Work required: Copy verbatim the block of lines in the entries below whose first line contains "interpret run: aug_lagr_iteration" and whose last line contains "x' \<longleftrightarrow> program.is_minimizer". Leave out all other lines.

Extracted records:
# # # #

theorem theorem4p3:
  fixes M :: "'w measure"
    and e :: "'y::banach \<Rightarrow> 'w \<Rightarrow> real"
    and f :: "'x::banach \<Rightarrow> real"
    and g :: "'x \<Rightarrow> 'y"
    and x :: "nat \<Rightarrow> 'x"
    and lam :: "nat \<Rightarrow> 'w \<Rightarrow> real"
    and wk :: "nat \<Rightarrow> 'w \<Rightarrow> real"
    and \<rho> :: "nat \<Rightarrow> real"
    and wmax :: "'w \<Rightarrow> real"
    and \<gamma> \<tau> :: real
    and \<epsilon> :: "nat \<Rightarrow> real"
  assumes refl: "reflexive_space TYPE('x)"
    and emb: "dense_L2_embedding M e"
    and f_wlsc: "weakly_lsc f"
    and gp_wlsc: "weakly_lsc (\<lambda>x. L2norm M (gplus e g x))"
    and g_conv: "order_convex M e g"
    and f_sconv: "strongly_convex f"
    and feas: "\<exists>x. feasible M e g x"
    and lam0: "lam 0 \<in> L2 M"
    and rho0: "\<rho> 0 > 0"
    and wmax: "wmax \<in> L2 M" "AE s in M. 0 \<le> wmax s"
    and gamma: "\<gamma> > 1"
    and tau: "0 < \<tau>" "\<tau> < 1"
    and wk: "\<And>k. wk k \<in> L2 M" "\<And>k. AE s in M. 0 \<le> wk k s \<and> wk k s \<le> wmax s"
    and eps: "decseq \<epsilon>" "\<epsilon> \<longlonglongrightarrow> 0"
    and approx_min: "\<And>k y. aug_lagr M e f g (\<rho> k) (x (Suc k)) (wk k)
                               \<le> aug_lagr M e f g (\<rho> k) y (wk k) + \<epsilon> k"
    and lam_upd: "\<And>k. lam (Suc k) = (\<lambda>s. max (wk k s + \<rho> k * e (g (x (Suc k))) s) 0)"
    and rho_upd: "\<And>k. \<rho> (Suc k) =
       (if k = 0 \<or> compl_res M e g (x (Suc k)) (wk k) (\<rho> k)
                     \<le> \<tau> * compl_res M e g (x k) (wk (k - 1)) (\<rho> (k - 1))
        then \<rho> k else \<gamma> * \<rho> k)"
  shows "\<exists>xb. (\<forall>x'. is_solution M e f g x' \<longleftrightarrow> x' = xb) \<and> x \<longlonglongrightarrow> xb"
proof -
  have e_L2: "\<And>y. e y \<in> L2 M" using emb by (rule dense_L2_embeddingD)
  interpret program: strongly_convex_program f "\<lambda>x. L2norm M (gplus e g x)"
    using emb f_wlsc gp_wlsc g_conv f_sconv feas by (rule strongly_convex_program_L2norm_gplus)
  interpret run: aug_lagr_iteration M e f g x wk \<rho> wmax \<gamma> \<tau> \<epsilon>
    using e_L2 rho0 wmax(1) gamma tau(2) wk eps(2) approx_min rho_upd by unfold_locales
  have solution_iff: "is_solution M e f g x' \<longleftrightarrow> program.is_minimizer x'" for x'
    using e_L2 by (simp add: is_solution_def program.is_minimizer_def feasible_iff_L2norm_gplus_eq_0)
  obtain xb where xb: "program.is_minimizer xb" using program.minimizer_exists by blast
  then have "feasible M e g xb" by (simp add: solution_iff[symmetric] is_solution_def)
  obtain m where m: "\<And>y. m \<le> f y"
    using program.f_bdd_below unfolding bdd_below_def by blast
  have "(\<lambda>k. x (Suc k)) \<longlonglongrightarrow> xb"
    using run.iterates_asymptotically_optimal[OF \<open>feasible M e g xb\<close> m]
    by (rule program.tendsto_minimizer[OF xb])
  then have "x \<longlonglongrightarrow> xb" by (rule LIMSEQ_imp_Suc)
  then show ?thesis using solution_iff program.minimizer_unique[OF xb] xb by blast
qed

# # # #

Response box:
  interpret run: aug_lagr_iteration M e f g x wk \<rho> wmax \<gamma> \<tau> \<epsilon>
    using e_L2 rho0 wmax(1) gamma tau(2) wk eps(2) approx_min rho_upd by unfold_locales
  have solution_iff: "is_solution M e f g x' \<longleftrightarrow> program.is_minimizer x'" for x'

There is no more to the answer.